I understand there is the XmlAttributes that can be used but that is tightly coupling the serialization to Xml. I was thinking of using ISerializable but I noticed that IXmlSerializable does not implement ISerializable.

So does anyone know how I could use an interface / base / abstract class to allow for configurable serialization which can be configured through the DI container?

È stato utile?

Soluzione

Theoretically I think outputformat-agnostic attributes could be possible, although it depends on how (dis)similar the output formats are that you want to support. For example, XML and JSON both use field names but JSON doesn't have the distinction between attributes and elements that XML has. Binary serialization on the other hand usually has no use for field names because the information is usually stored positional.

To be honest though, I've never seen such an implementation.

What I have seen happen frequently is that you define two "schemas":

  • One with all the entity classes defined in a storage-agnostic way and designed to be easy to handle in your business logic (i.e. with calculated properties, inheritance, and whatever else might help you).
  • And another set of classes designed solely to be serialized to one specific output format. For XML this could mean using [XmlAttribute]s, for storage in a database this could be using [PrimaryKey] attributes, but also having the data of one logical entity spread over multiple entities because a database stores its data more normalized.

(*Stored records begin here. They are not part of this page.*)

section \<open>LCB on the witnessing instance\<close>

lemma ln_add_one_diff_ge:
  fixes x :: real
  assumes "0 < x"
  shows "1 / (x + 1) \<le> ln (x + 1) - ln x"
proof -
  have "ln (x / (x + 1)) \<le> x / (x + 1) - 1"
    using assms by (intro ln_le_minus_one) simp
  also have "\<dots> = - 1 / (x + 1)"
    using assms by (simp add: field_simps)
  finally show ?thesis
    using assms by (simp add: ln_divide_pos)
qed

lemma mean_bound_step:
  fixes m :: nat and S n0 :: real
  assumes "1 \<le> m" and "0 \<le> S"
    and S: "S \<le> real m * (real m + 1) * (1/2 + 3 * ln (real m))"
    and n0: "n0 \<le> 2 * S / real m + 6"
  shows "S + n0 + 2 * real m \<le> (real m + 1) * (real m + 2) * (1/2 + 3 * ln (real m + 1))"
proof -
  define B where "B = 1/2 + 3 * ln (real m)"
  have m: "0 < real m" using assms(1) by simp
  have "S * (real m + 2) / real m \<le> real m * (real m + 1) * B * (real m + 2) / real m"
    using S m unfolding B_def by (intro divide_right_mono mult_right_mono) auto
  also have "\<dots> = (real m + 1) * (real m + 2) * B"
    using m by simp
  finally have mean: "S * (real m + 2) / real m \<le> (real m + 1) * (real m + 2) * B" .
  have "2 * real m + 6 \<le> 3 * (real m + 1) * (real m + 2) * (1 / (real m + 1))"
    using m by (simp add: field_simps)
  also have "\<dots> \<le> 3 * (real m + 1) * (real m + 2) * (ln (real m + 1) - ln (real m))"
    using ln_add_one_diff_ge[OF m] m by (intro mult_left_mono) auto
  finally have log_gain: "2 * real m + 6 \<le> 3 * (real m + 1) * (real m + 2) * (ln (real m + 1) - ln (real m))" .
  have "S + n0 + 2 * real m \<le> S * (real m + 2) / real m + 2 * real m + 6"
    using n0 m by (simp add: field_simps)
  with mean log_gain show ?thesis
    unfolding B_def by (simp add: algebra_simps)
qed
lemma measure_coincidences_gt_le:
  fixes X :: "'i \<Rightarrow> 'w \<Rightarrow> 'a::euclidean_space" and T :: "'w \<Rightarrow> 'a"
  assumes "prob_space M" "finite I" "c > 0"
    and "\<And>i. i \<in> I \<Longrightarrow> X i \<in> borel_measurable M"
    and "\<And>i. i \<in> I \<Longrightarrow> distr M borel (X i) = F"
    and "T \<in> borel_measurable M"
  shows "measure M {\<omega> \<in> space M. c < real (card {i \<in> I. X i \<omega> = T \<omega>})}
         \<le> measure M {\<omega> \<in> space M. \<delta> < norm (T \<omega> - t)} + card I * measure F (cball t \<delta>) / c"
proof -
  interpret prob_space M by fact
  let ?far = "{\<omega> \<in> space M. \<delta> < norm (T \<omega> - t)}"
  let ?crowded = "{\<omega> \<in> space M. c \<le> real (card {i \<in> I. X i \<omega> \<in> cball t \<delta>})}"
  have "card {i \<in> I. X i \<omega> = T \<omega>} \<le> card {i \<in> I. X i \<omega> \<in> cball t \<delta>}"
    if "norm (T \<omega> - t) \<le> \<delta>" for \<omega>
    using that assms(2) by (intro card_mono) (auto simp: dist_norm norm_minus_commute)
  then have "{\<omega> \<in> space M. c < real (card {i \<in> I. X i \<omega> = T \<omega>})} \<subseteq> ?far \<union> ?crowded"
    by (auto simp: not_less intro: order.trans[OF less_imp_le of_nat_mono])
  moreover have "?far \<in> sets M"
    using assms(6) by measurable
  moreover have "(\<lambda>\<omega>. \<Sum>i\<in>I. indicator (cball t \<delta>) (X i \<omega>) :: real) \<in> borel_measurable M"
    using assms(4) by (intro borel_measurable_sum) (auto intro: borel_measurable_indicator')
  then have "?crowded \<in> sets M"
    using assms(2) by (simp add: real_card_eq_sum_indicator del: mem_cball)
  ultimately have "measure M {\<omega> \<in> space M. c < real (card {i \<in> I. X i \<omega> = T \<omega>})}
                   \<le> measure M ?far + measure M ?crowded"
    by (meson finite_measure_mono measure_Un_le order_trans sets.Un)
  also have "measure M ?crowded \<le> card I * measure F (cball t \<delta>) / c"
    using assms by (intro measure_card_ge_le) auto
  finally show ?thesis
    by simp
qed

Serializing the storage-agnostic entities then comes down to first mapping them to the storage-specific types, and then serializing these types. The mapping code can be written by hand, or be done by something as AutoMapper.

The key here is that rather than using 1 set of attributes that try to cover all your serialization needs, it is generally more feasible to create a complete new set of entities that are designed specifically to be serialized to one format.


As an aside, If I may give some unsolicited advice: I have yet to see an application that needed the serialization format to be pluggable. I mean, I understand the need for separation of concerns, and that "the rest of the application shouldn't be bothered by knowing this-or-that", but at some point you have to make some decisions about such things as in what database your data will be stored, or what kind of webservice API your application will provide.
Deferring these decisions or trying too hard to abstract them away will usually hurt how understandable your code looks and how easy it will be to add new features to it.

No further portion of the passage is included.